Now it becomes really obvious that I picked a confusing name for these two stats attributes. If you have naming ideas let me know (eg: what if it's would be rawstats or data? or maybe rename BenchmarkStats to BenchmarkData and so on?)

Yes it's a bit confusing. What about
BenchmarStats -> BenchmarkMetadata
and
Stats -> BenchmarkStats?
And you can probably keep self.stats.

Sounds good, but we should strip the „Benchmark” prefix, no sense to have it everywhere (obvious the stuff is going to be about benchmarks right?).

ionelmc · 2016-09-09T14:19:51Z

This saves the cprofile top ten into the storage right? I was wondering, what if we'd save the full data (so that the user can sort differently later, without re-running)?

Artimi · 2016-09-09T14:45:43Z

Yes it saves top ten function according to current sorting column. I would rather keep it limited because there can be hundreds to thousands functions and usually you are not interested in the most of them. Also, as we discussed in the team, we use mostly cumtime column and sometime maybe tottime and top functions of these two columns should be most of the times same.

ionelmc · 2016-09-09T14:48:27Z

What if we's save just the top-10 for all the cols? That can't be that much.

It's just that usually I have very slow suites and it's a pain in the ass just to rerun everything cause you wanted to see a different column. I'd expect it's the same for other people?

Artimi · 2016-09-09T14:54:40Z

Ok, I will think about the best way to have all needed information.

Artimi · 2016-09-12T09:42:51Z

I updated the code so we now have stored top ten functions for all columns (not redundant). It is still ordered by cprofile_sort_by and functions for following columns are added only if they are not present in the list already. It's not optimal right now because I have to sequentially scan through list but there are always at max 70 dictionaries so it won't be computationally demanding. With this implementation if you later choose different column you will see all needed results.

ionelmc

This is pretty good, there are just few nits.

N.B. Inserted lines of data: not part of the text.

(* Let $\star$ be a semistar operation on an integral domain $D$. Then $D^{[\star]}$ is $t$-linked to $(D,\star)$. If moreover $(D:_K D^\star)\ne(0)$, then the complete integral closure $\widetilde D$ of $D$ is $t$-linked to $(D,\star)$. In particular, the complete integral closure $\widetilde D$ of $D$ is always $t$-linked to $D$.
   Context: Let $D$ be an integral domain with quotient field $K$. $\overline{\mathbf F}(D)$ denotes the set of all nonzero $D$-submodules of $K$ and $\mathbf f(D)$ the set of nonzero finitely generated $D$-submodules of $K$. A semistar operation on $D$ is a map $\star:\overline{\mathbf F}(D)\to\overline{\mathbf F}(D)$, $E\mapsto E^\star$, such that for all $0\ne x\in K$ and $E,F\in\overline{\mathbf F}(D)$: (1) $(xE)^\star=xE^\star$; (2) $E\subseteq F\Rightarrow E^\star\subseteq F^\star$; (3) $E\subseteq E^\star$ and $(E^\star)^\star=E^\star$. $\star_f$ is defined by $E^{\star_f}=\bigcup\{F^\star:F\in\mathbf f(D),F\subseteq E\}$. $D^{[\star]}:=\bigcup\{(H^\star:_KH^\star): H\in\mathbf f(D)\}$ (an overring of $D$). The complete integral closure of $D$ is $\widetilde D=\bigcup\{(E:_KE): E$ a nonzero fractional ideal of $D\}$. For an overring $T$ of $D$ (a ring with $D\subseteq T\subseteq K$), $v_T$ is the semistar operation $E\mapsto (T:_K(T:_KE))$ on $T$ and $t_T:=(v_T)_f$. If $\star'$ is a semistar operation on $T$, $T$ is $(\star,\star')$-linked to $D$ if for every nonzero finitely generated ideal $F\subseteq D$ with $F^\star=D^\star$ one has $(FT)^{\star'}=T^{\star'}$. $T$ is $t$-linked to $(D,\star)$ if it is $(\star,t_T)$-linked to $D$, and $t$-linked to $D$ if it is $(t_D,t_T)$-linked to $D$. *)

theory Defs
  imports Main
begin

text \<open>Throughout, the quotient field K is the ambient field type 'k, and an
integral domain D is a subring of 'k whose fraction field is all of 'k.\<close>

definition subring :: "'k::field set \<Rightarrow> bool" where
  "subring R \<longleftrightarrow> 0 \<in> R \<and> 1 \<in> R \<and> (\<forall>x\<in>R. \<forall>y\<in>R. x + y \<in> R \<and> x - y \<in> R \<and> x * y \<in> R)"

definition quotient_field_is_UNIV :: "'k::field set \<Rightarrow> bool" where
  "quotient_field_is_UNIV D \<longleftrightarrow> (\<forall>x. \<exists>a\<in>D. \<exists>b\<in>D. b \<noteq> 0 \<and> x = a / b)"
(* For all integers $d\geq 1$, $C_d=W_d$.
   Context: Every Boolean function $f:\{0,1\}^n\to\{0,1\}$ has a unique multilinear representation $f=\sum_{S\subseteq[n]}a_S\prod_{i\in S}x_i$ over $\mathbb{R}$ agreeing with $f$ on $\{0,1\}^n$; $\deg(f)$ is the degree of this representation. A variable $x_i$ is relevant if it appears in a monomial with nonzero coefficient; $R(f)$ is the number of relevant variables. $R_d$ is the maximum of $R(f)$ over Boolean functions of degree at most $d$, and $C_d=R_d2^{-d}$. For a relevant variable $x_i$, $\deg_i(f)$ is the maximum of $|S|$ over sets $S\ni i$ with $a_S\neq 0$, and $w_i(f)=2^{-\deg_i(f)}$ (for irrelevant variables, $w_i(f)=0$). The weight of $f$ is $W(f)=\sum_i w_i(f)$, and $W_d$ is the maximum of $W(f)$ over all Boolean functions $f$ of degree at most $d$. *)

theory Defs
  imports Complex_Main "HOL-Library.Extended_Real"
begin

text \<open>A Boolean function on n variables is f :: nat set \<Rightarrow> bool, where an input
  x \<in> {0,1}^n is encoded as the set of coordinates equal to 1 (a subset of {..<n}).
  Only the values on subsets of {..<n} matter.\<close>

definition mcoeff :: "nat \<Rightarrow> (nat set \<Rightarrow> bool) \<Rightarrow> nat set \<Rightarrow> real" where
  "mcoeff n f = (THE a. (\<forall>S. \<not> S \<subseteq> {..<n} \<longrightarrow> a S = 0) \<and>
      (\<forall>x. x \<subseteq> {..<n} \<longrightarrow>
         of_bool (f x) = (\<Sum>S\<in>Pow {..<n}. a S * (\<Prod>i\<in>S. of_bool (i \<in> x)))))"

definition bdeg :: "nat \<Rightarrow> (nat set \<Rightarrow> bool) \<Rightarrow> nat" where
  "bdeg n f = Max (insert 0 {card S | S. S \<subseteq> {..<n} \<and> mcoeff n f S \<noteq> 0})"

definition relevant :: "nat \<Rightarrow> (nat set \<Rightarrow> bool) \<Rightarrow> nat \<Rightarrow> bool" where
  "relevant n f i = (\<exists>S. S \<subseteq> {..<n} \<and> i \<in> S \<and> mcoeff n f S \<noteq> 0)"

definition numrel :: "nat \<Rightarrow> (nat set \<Rightarrow> bool) \<Rightarrow> nat" where
  "numrel n f = card {i. i < n \<and> relevant n f i}"

definition deg_i :: "nat \<Rightarrow> (nat set \<Rightarrow> bool) \<Rightarrow> nat \<Rightarrow> nat" where
  "deg_i n f i = Max {card S | S. S \<subseteq> {..<n} \<and> i \<in> S \<and> mcoeff n f S \<noteq> 0}"

definition wt_i :: "nat \<Rightarrow> (nat set \<Rightarrow> bool) \<Rightarrow> nat \<Rightarrow> real" where
  "wt_i n f i = (if relevant n f i then 2 powr (- real (deg_i n f i)) else 0)"

definition weight :: "nat \<Rightarrow> (nat set \<Rightarrow> bool) \<Rightarrow> real" where
  "weight n f = (\<Sum>i<n. wt_i n f i)"

definition R_d :: "nat \<Rightarrow> ereal" where
  "R_d d = (SUP p\<in>{(n, f). bdeg n f \<le> d}. ereal (real (numrel (fst p) (snd p))))"
lemma forest_card_edges_less:
  assumes "graph V E" "forest V E" "V \<noteq> {}"
  shows "card E < card V"
  using assms
proof (induction "card V" arbitrary: V E rule: less_induct)
  case less
  obtain v where v: "v \<in> V" "degree E v \<le> 1"
    using forest_ex_degree_le_1[OF less.prems] by blast
  have fin: "finite V" using less.prems(1) unfolding graph_def by simp
  show ?case
  proof (cases "V = {v}")
    case True
    then have "E = {}"
      using less.prems(1) by (auto elim: graph_edgeE)
    then show ?thesis using True by simp
  next
    case False
    have "card (V - {v}) < card V" using card_Diff1_less[OF fin v(1)] .
    moreover have "V - {v} \<noteq> {}" using False v by blast
    ultimately have "card (del_vertices E {v}) < card (V - {v})"
      using less.hyps graph_del_vertices[OF less.prems(1)] forest_del_vertices[OF less.prems(2)]
      by blast
    moreover have "card {e\<in>E. e \<inter> {v} \<noteq> {}} = degree E v"
      unfolding degree_def by (intro arg_cong[where f = card]) auto
    ultimately show ?thesis
      using card_del_vertices_add[OF graph_finite_edges[OF less.prems(1)], of "{v}"] v fin
      by (simp add: card_Diff_singleton)
  qed
qed
text \<open>The conic has \<open>q + 1\<close> points: the \<open>q\<close> slopes and the point \<open>(1, 0)\<close>.\<close>
lemma card_conic:
  fixes lam :: "'a::{field,finite}"
  assumes card: "card (UNIV :: 'a set) = 2 ^ n" and tr: "abs_trace n lam = 1"
  shows "card (conic lam) = card (UNIV :: 'a set) + 1"
proof -
  have ch: "CHAR('a) = 2" by (rule CHAR_eq_2_if_card_power_2[OF card])
  have on_axis: "(r, 0) \<in> conic lam \<longleftrightarrow> r = 1" for r :: 'a
    using square_inj_CHAR_2[OF ch, of r 1] by (auto simp: conic_def)
  have split: "conic lam = insert (1, 0) (conic lam \<inter> {(r, s). s \<noteq> 0})"
  proof (rule Set.set_eqI)
    fix z :: "'a \<times> 'a"
    obtain r s where z: "z = (r, s)" by fastforce
    show "z \<in> conic lam \<longleftrightarrow> z \<in> insert (1, 0) (conic lam \<inter> {(r, s). s \<noteq> 0})"
      unfolding z using on_axis[of r] by (cases "s = 0") simp_all
  qed
  have "card (conic lam \<inter> {(r, s). s \<noteq> 0}) = card (UNIV :: 'a set)"
    by (rule bij_betw_same_card[OF conic_slope_bij[OF card tr]])
  moreover have "(1, 0) \<notin> conic lam \<inter> {(r, s). s \<noteq> 0}" by simp
  ultimately show ?thesis by (subst split) simp
qed


section \<open>Vectors, forms and projective points\<close>

lemma mk6_simps [simp]:
  "mk6 [a,b,c,d,e,f] 0 = a" "mk6 [a,b,c,d,e,f] 1 = b" "mk6 [a,b,c,d,e,f] 2 = c"
  "mk6 [a,b,c,d,e,f] 3 = d" "mk6 [a,b,c,d,e,f] 4 = e" "mk6 [a,b,c,d,e,f] 5 = f"
  "mk6 [a,b,c,d,e,f] (Suc 0) = b"
  by (simp_all add: mk6_def)

lemma mk6_vecs6 [simp]: "mk6 xs \<in> vecs6"
  by (simp add: mk6_def vecs6_def)

lemma vecs6_eqI:
  assumes "x \<in> vecs6" "y \<in> vecs6" "\<And>i. i < 6 \<Longrightarrow> x i = y i"
  shows "x = y"
proof
  fix i show "x i = y i" using assms by (cases "i < 6") (auto simp: vecs6_def)
qed

lemma mk6_nonzero: "a \<noteq> 0 \<or> b \<noteq> 0 \<or> c \<noteq> 0 \<or> d \<noteq> 0 \<Longrightarrow> mk6 [a,b,c,d,e,f] \<noteq> (\<lambda>_. 0)"
  by (metis mk6_simps(1-4))

lemma mk6_lincomb:
  fixes k :: "'a::semiring_0"
  shows "mk6 [a1 + k*a2, b1 + k*b2, c1 + k*c2, d1 + k*d2, e1 + k*e2, f1 + k*f2]
     = (\<lambda>i. mk6 [a1,b1,c1,d1,e1,f1] i + k * mk6 [a2,b2,c2,d2,e2,f2] i)"
  by (rule vecs6_eqI) (auto simp: vecs6_def mk6_def less_Suc_eq numeral_eq_Suc)

lemma qf_mk6: "qf lam (mk6 [a,b,c,d,e,f]) = a*b + c*d + (e^2 + e*f + lam*f^2)"
  by (simp add: qf_def add.assoc)

lemma bf_eq: "bf lam x y = x 0 * y 1 + x 1 * y 0 + x 2 * y 3 + x 3 * y 2 + x 4 * y 5 + x 5 * y 4
   + 2 * x 4 * y 4 + 2 * lam * x 5 * y 5"
  by (simp add: bf_def qf_def power2_eq_square algebra_simps)

lemma bf_CHAR_2:
  "CHAR('a::field) = 2 \<Longrightarrow>
     bf (lam::'a) x y = x 0 * y 1 + x 1 * y 0 + x 2 * y 3 + x 3 * y 2 + x 4 * y 5 + x 5 * y 4"
  by (simp add: bf_eq two_eq_zero_CHAR_2)

lemma qf_scale: "qf lam (\<lambda>i. c * x i) = c ^ 2 * qf lam x"
  by (simp add: qf_def power2_eq_square algebra_simps)

lemma bf_scale: "bf lam (\<lambda>i. c * x i) (\<lambda>i. d * y i) = c * d * bf lam x y"
  by (simp add: bf_eq algebra_simps)

lemma qf_lincomb:
  "qf lam (\<lambda>i. a * x i + b * y i) = a ^ 2 * qf lam x + a * b * bf lam x y + b ^ 2 * qf lam y"
  by (simp add: bf_def qf_def power2_eq_square algebra_simps)

lemma bf_lincomb: "bf lam f (\<lambda>i. a * x i + b * y i) = a * bf lam f x + b * bf lam f y"
  by (simp add: bf_eq algebra_simps)

lemma bf_self: "bf lam x x = 2 * qf lam x"
  by (simp add: bf_eq qf_def power2_eq_square algebra_simps)

lemma mem_proj: "y \<in> proj x \<longleftrightarrow> (\<exists>c. c \<noteq> 0 \<and> y = (\<lambda>i. c * x i))"
  by (auto simp: proj_def)

lemma self_in_proj: "x \<in> proj x"
  unfolding mem_proj by (rule exI[of _ 1]) simp

lemma onQ_proj: "onQ lam (proj x) \<longleftrightarrow> qf lam x = 0"
proof
  show "onQ lam (proj x) \<Longrightarrow> qf lam x = 0" using self_in_proj[of x] by (simp add: onQ_def)
qed (auto simp: onQ_def mem_proj qf_scale)

lemma perp_proj: "perp lam (proj x) (proj y) \<longleftrightarrow> bf lam x y = 0"
proof
  assume "perp lam (proj x) (proj y)"
  thus "bf lam x y = 0" using self_in_proj by (auto simp: perp_def)
qed (auto simp: perp_def mem_proj bf_scale)

lemma pointsE:
  assumes "p \<in> points"
  obtains x where "x \<in> vecs6" "x \<noteq> (\<lambda>_. 0)" "p = proj x"
  using assms by (auto simp: points_def)

lemma points_nonzero: "p \<in> points \<Longrightarrow> z \<in> p \<Longrightarrow> z \<noteq> (\<lambda>_. 0)"
  by (auto simp: points_def mem_proj fun_eq_iff) (metis mult_eq_0_iff)

lemma proj_in_points: "x \<in> vecs6 \<Longrightarrow> x \<noteq> (\<lambda>_. 0) \<Longrightarrow> proj x \<in> points"
  by (auto simp: points_def)

lemma proj_scale:
  assumes "c \<noteq> 0"
  shows "proj (\<lambda>i. c * x i) = proj x"
proof (rule Set.set_eqI)
  fix y
  have "(\<exists>d. d \<noteq> 0 \<and> y = (\<lambda>i. d * (c * x i))) \<longleftrightarrow> (\<exists>d. d \<noteq> 0 \<and> y = (\<lambda>i. d * x i))"
  proof
    assume "\<exists>d. d \<noteq> 0 \<and> y = (\<lambda>i. d * (c * x i))"
    then obtain d where "d \<noteq> 0" "y = (\<lambda>i. d * (c * x i))" by blast
    thus "\<exists>d. d \<noteq> 0 \<and> y = (\<lambda>i. d * x i)"
      using assms by (intro exI[of _ "d * c"]) (simp add: mult.assoc)
  next
    assume "\<exists>d. d \<noteq> 0 \<and> y = (\<lambda>i. d * x i)"
    then obtain d where "d \<noteq> 0" "y = (\<lambda>i. d * x i)" by blast
    thus "\<exists>d. d \<noteq> 0 \<and> y = (\<lambda>i. d * (c * x i))"
      using assms by (intro exI[of _ "d / c"]) simp
  qed
  thus "y \<in> proj (\<lambda>i. c * x i) \<longleftrightarrow> y \<in> proj x" by (simp add: mem_proj)
qed

lemma proj_eqD:
  assumes "proj x = proj y"
  shows "\<exists>c. c \<noteq> 0 \<and> y = (\<lambda>i. c * x i)"
proof -
  have "y \<in> proj x" using self_in_proj[of y] assms by simp
  thus ?thesis by (simp add: mem_proj)
qed

lemma proj_neq: "x k = 0 \<Longrightarrow> y k \<noteq> 0 \<Longrightarrow> proj x \<noteq> proj y"
  by (metis proj_eqD mult_zero_right)

lemma self_perp: "p \<in> points \<Longrightarrow> onQ lam p \<Longrightarrow> perp lam p p"
  by (auto elim!: pointsE simp: onQ_proj perp_proj bf_self)

lemma proj_collinear3_lincomb:
  assumes "z = (\<lambda>i. y i + k * e i)"
  shows "proj_collinear3 (proj y) (proj e) (proj z)"
proof -
  have "y = (\<lambda>i. 1 * y i + 0 * e i)" "e = (\<lambda>i. 0 * y i + 1 * e i)"
    "z = (\<lambda>i. 1 * y i + k * e i)"
    using assms by simp_all
  thus ?thesis unfolding proj_collinear3_def using self_in_proj by blast
qed

lemma proj_collinear3_swap: "proj_collinear3 p a b \<longleftrightarrow> proj_collinear3 p b a"
  by (simp add: proj_collinear3_def insert_commute)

ionelmc · 2016-09-28T07:22:33Z

src/pytest_benchmark/plugin.py

@@ -215,6 +215,13 @@ def pytest_addoption(parser):
        help="Fail test if performance regresses according to given EXPR"
             " (eg: min:5%% or mean:0.001 for number of seconds). Can be used multiple times."
    )
+    group.addoption(
+        "--benchmark-cprofile",
+        metavar="COLUMN", default=None,


This option should have some validation.

ionelmc · 2016-09-28T07:27:59Z

src/pytest_benchmark/stats.py

@@ -196,7 +199,8 @@ def __getitem__(self, key):
    def has_error(self):
        return self.fixture.has_error

-    def as_dict(self, include_data=True, flat=False, stats=True):
+    def as_dict(self, include_data=True, flat=False, stats=True,
+                cprofile_sort_by="cumtime", cprofile_all_columns=False):


I would try to reduce the cprofile arguments to a sole cprofile argument (cause this call boiler plate is all over the place). If it's specified it means we want to display cprofile stats (sorted by column). If it's not specified it means we want all the columns for storage.

Eg:

.as_dict(cprofile=getoption(...)) if we display the stats in table

.as_dict() if we generate json for storage

ionelmc · 2016-09-28T07:29:24Z

src/pytest_benchmark/stats.py

+            stats_columns.insert(0, cprofile_sort_by)
+            for column in stats_columns:
+                cprofile_functions.sort(key=operator.itemgetter(column), reverse=True)
+                for cprofile_function in cprofile_functions[:10]:


Maybe default to 25 rows? Just in case we need more info later.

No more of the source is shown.